The fact that Mrs. Smith said the T-shirts were "similar" to the ones she purchased in Florida, instead of claiming to be able to positively identify them as hers, clearly goes only to the weight of the evidence, not to its admissibility. See State v. Carriger, 123 Ariz. 335, 599 P.2d 788 (1979), cert. denied, 444 U.S. 1049, 100 S.Ct. 741, 62 L.Ed.2d 736 (1980) (fact that no one could positively identify jewelry as part of the jewelry store's pre-robbery inventory goes to weight, not admissibility).
Under Rule 901(b)(4), the T-shirts were properly identified because they possessed distinctive characteristics, the Florida logos; that fact, taken in conjunction with the other facts of the case, support their admissibility under Rule 901. State v. Blazak, 114 Ariz. 199, 560 P.2d 54 (1977) (fact the accomplice could not be certain that the similar-appearing ski mask found on the alleged escape route was worn by defendant did not preclude its admittance).
Absent a clear abuse of discretion, we will not disturb a trial court's ruling on the admissibility of evidence. State v. Macumber, 119 Ariz. 516, 521, 582 P.2d 162, 167, cert. denied, 439 U.S. 1006, 99 S.Ct. 621, 58 L.Ed.2d 683 (1978). We find no abuse of discretion here.
3. The Three Cartridges Seized at Shepherd's Residence
During execution of the search warrant on the Shepherd house, the police seized three live .357 magnum Federal cartridges which were eventually received in evidence at trial. As with the three T-shirts, defendant contends insufficient foundation existed to admit the three cartridges. He argues that the state failed to provide sufficient testimony on the chain of custody.
Foundation for an exhibit may be laid by establishing a chain of custody through evidence suggesting the whereabouts of the exhibit at all times. State v. Hardy, 112 Ariz. 205, 540 P.2d 677 (1975). Whether to admit the exhibit after chain-of-custody evidence has been provided is within the discretion of the trial court which, as we have previously stated, will not be disturbed absent an abuse of that discretion.
Originally, the state presented as one exhibit in a sealed container the three cartridges, the cylinder in which they were found, and an expended slug found at the murder scene. After defendant's pre-trial motion in limine, the items were separated into three exhibits.

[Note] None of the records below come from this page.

(* Let $\nu_0=0$ (so $\nu_1=1$) and $s,u>0$, $\gamma\ge 0$, and consider the ODE $\dot y=F(y)$ with $F(y)=-y(1-y)\big[s+\gamma(1-y)\big]+u(1-y)$, regarded on $\mathbb R$. Put $\hat u=s$ and, for $\gamma>0$, $\check u=\frac1\gamma\big(\frac{s+\gamma}{2}\big)^2$. (a) If $\gamma=0$, the equilibria are $\bar y_1=1$ and $\bar y_2=u/s$, with $\bar y_1=\bar y_2=1$ if $u=\hat u$. The smaller of the two is always stable; the other one (if distinct) is unstable. (b) Let $\gamma>0$. If $u>\check u$, then $\bar y_1=1$ is the only equilibrium, and it is stable. If $u\le\check u$, the equilibria are $$\bar y_1=1,\qquad \bar y_2=\tfrac12\Big(1+\tfrac s\gamma-\sqrt\sigma\Big),\qquad \bar y_3=\tfrac12\Big(1+\tfrac s\gamma+\sqrt\sigma\Big),\qquad \sigma=\Big(1+\tfrac s\gamma\Big)^2-4\tfrac u\gamma\ge 0.$$ Their positions, together with which of them are stable as equilibria in $[0,1]$, are as follows. - If $u<\hat u$ (any $\gamma>0$): $0<\bar y_2<\bar y_1=1<\bar y_3$; $\bar y_2$ is stable. - If $u=\hat u$ and $\gamma<s$: $1=\bar y_1=\bar y_2<\bar y_3=s/\gamma$; $\bar y_1=\bar y_2$ is stable. - If $u=\hat u$ and $\gamma=s$: $1=\bar y_1=\bar y_2=\bar y_3$, which is stable. - If $u=\hat u$ and $\gamma>s$: $0<\bar y_2=s/\gamma<\bar y_1=\bar y_3=1$; $\bar y_2$ is stable. - If $\hat u<u<\check u$ and $\gamma<s$: $1=\bar y_1<\bar y_2<\bar y_3$; $\bar y_1$ is stable. - If $\hat u<u<\check u$ and $\gamma>s$: $0<\bar y_2<\bar y_3<\bar y_1=1$; $\bar y_2$ and $\bar y_1$ are stable. - If $u=\check u$ and $\gamma<s$: $1=\bar y_1<\bar y_2=\bar y_3=(\gamma+s)/(2\gamma)$; $\bar y_1$ is stable. - If $u=\check u$ and $\gamma=s$: $1=\bar y_1=\bar y_2=\bar y_3$, which is stable. - If $u=\check u$ and $\gamma>s$: $\frac12<\bar y_2=\bar y_3=(\gamma+s)/(2\gamma)<\bar y_1=1$; $\bar y_1$ is stable.
   Context: "Stable" means locally asymptotically stable. The case $\gamma=s$, $\hat u<u<\check u$ cannot occur, because $\hat u=\check u$ when $\gamma=s$; in general $\check u-\hat u=(s-\gamma)^2/(4\gamma)\ge 0$. *)

theory Defs
  imports "HOL-Analysis.Analysis"
begin

definition Fsel :: "real \<Rightarrow> real \<Rightarrow> real \<Rightarrow> real \<Rightarrow> real" where
  "Fsel s \<gamma> u y = - y * (1 - y) * (s + \<gamma> * (1 - y)) + u * (1 - y)"

definition ode_solution :: "(real \<Rightarrow> real) \<Rightarrow> (real \<Rightarrow> real) \<Rightarrow> bool" where
  "ode_solution F x \<longleftrightarrow> (\<forall>t\<ge>0. (x has_real_derivative F (x t)) (at t within {0..}))"

definition loc_asym_stable :: "real set \<Rightarrow> (real \<Rightarrow> real) \<Rightarrow> real \<Rightarrow> bool" where
  "loc_asym_stable S F yb \<longleftrightarrow>
     (\<forall>\<epsilon>>0. \<exists>\<delta>>0. \<forall>x. ode_solution F x \<and> x 0 \<in> S \<and> \<bar>x 0 - yb\<bar> < \<delta>
                \<longrightarrow> (\<forall>t\<ge>0. \<bar>x t - yb\<bar> < \<epsilon>)) \<and>
     (\<exists>\<delta>>0. \<forall>x. ode_solution F x \<and> x 0 \<in> S \<and> \<bar>x 0 - yb\<bar> < \<delta>
                \<longrightarrow> (x \<longlongrightarrow> yb) at_top)"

While searching Shepherd's residence, Officer Larry Martinson found the three rounds of ammunition in a revolver cylinder. The bullets, cylinder, and an expended slug from the murder scene were all submitted for analysis to a local criminalist and eventually sent to the FBI for further testing.
The local criminalist testified he received and analyzed items in a box containing an expended slug, a cylinder, and three live bullets. He dismantled one of the bullets for further analysis. An FBI analyst testified he received the expended slug and three live cartridges, one of which was disassembled. He found the expended slug and the live bullets to be "analytically indistinguishable." Finally, the state presented two reports documenting the chain of custody of the three cartridges.
These procedures fulfilled the chain of custody requirement and established sufficient foundation to admit the three cartridges into evidence. The trial court did not abuse its discretion in admitting the cartridges.
4. Officer Raines' Testimony about the Photo Lineup with Mrs. Smith
Prior to trial defendant requested a Dessureault hearing. At the hearing, it was established that Mrs. Smith had positively identified Debra Sturgeon from a five-female photo lineup. When presented with a five-male photo lineup, Mrs. Smith rejected three and pondered over the remaining two. When the police officer broke the silence, Mrs. Smith responded that she was sure that one of the two remaining photos was of the murderer, but she was unable to narrow it down to one photo. Defendant's photo was one of the two. At the conclusion of the Dessureault hearing, the trial court ruled that the state had carried its burden of showing that the photo lineups were not unduly suggestive.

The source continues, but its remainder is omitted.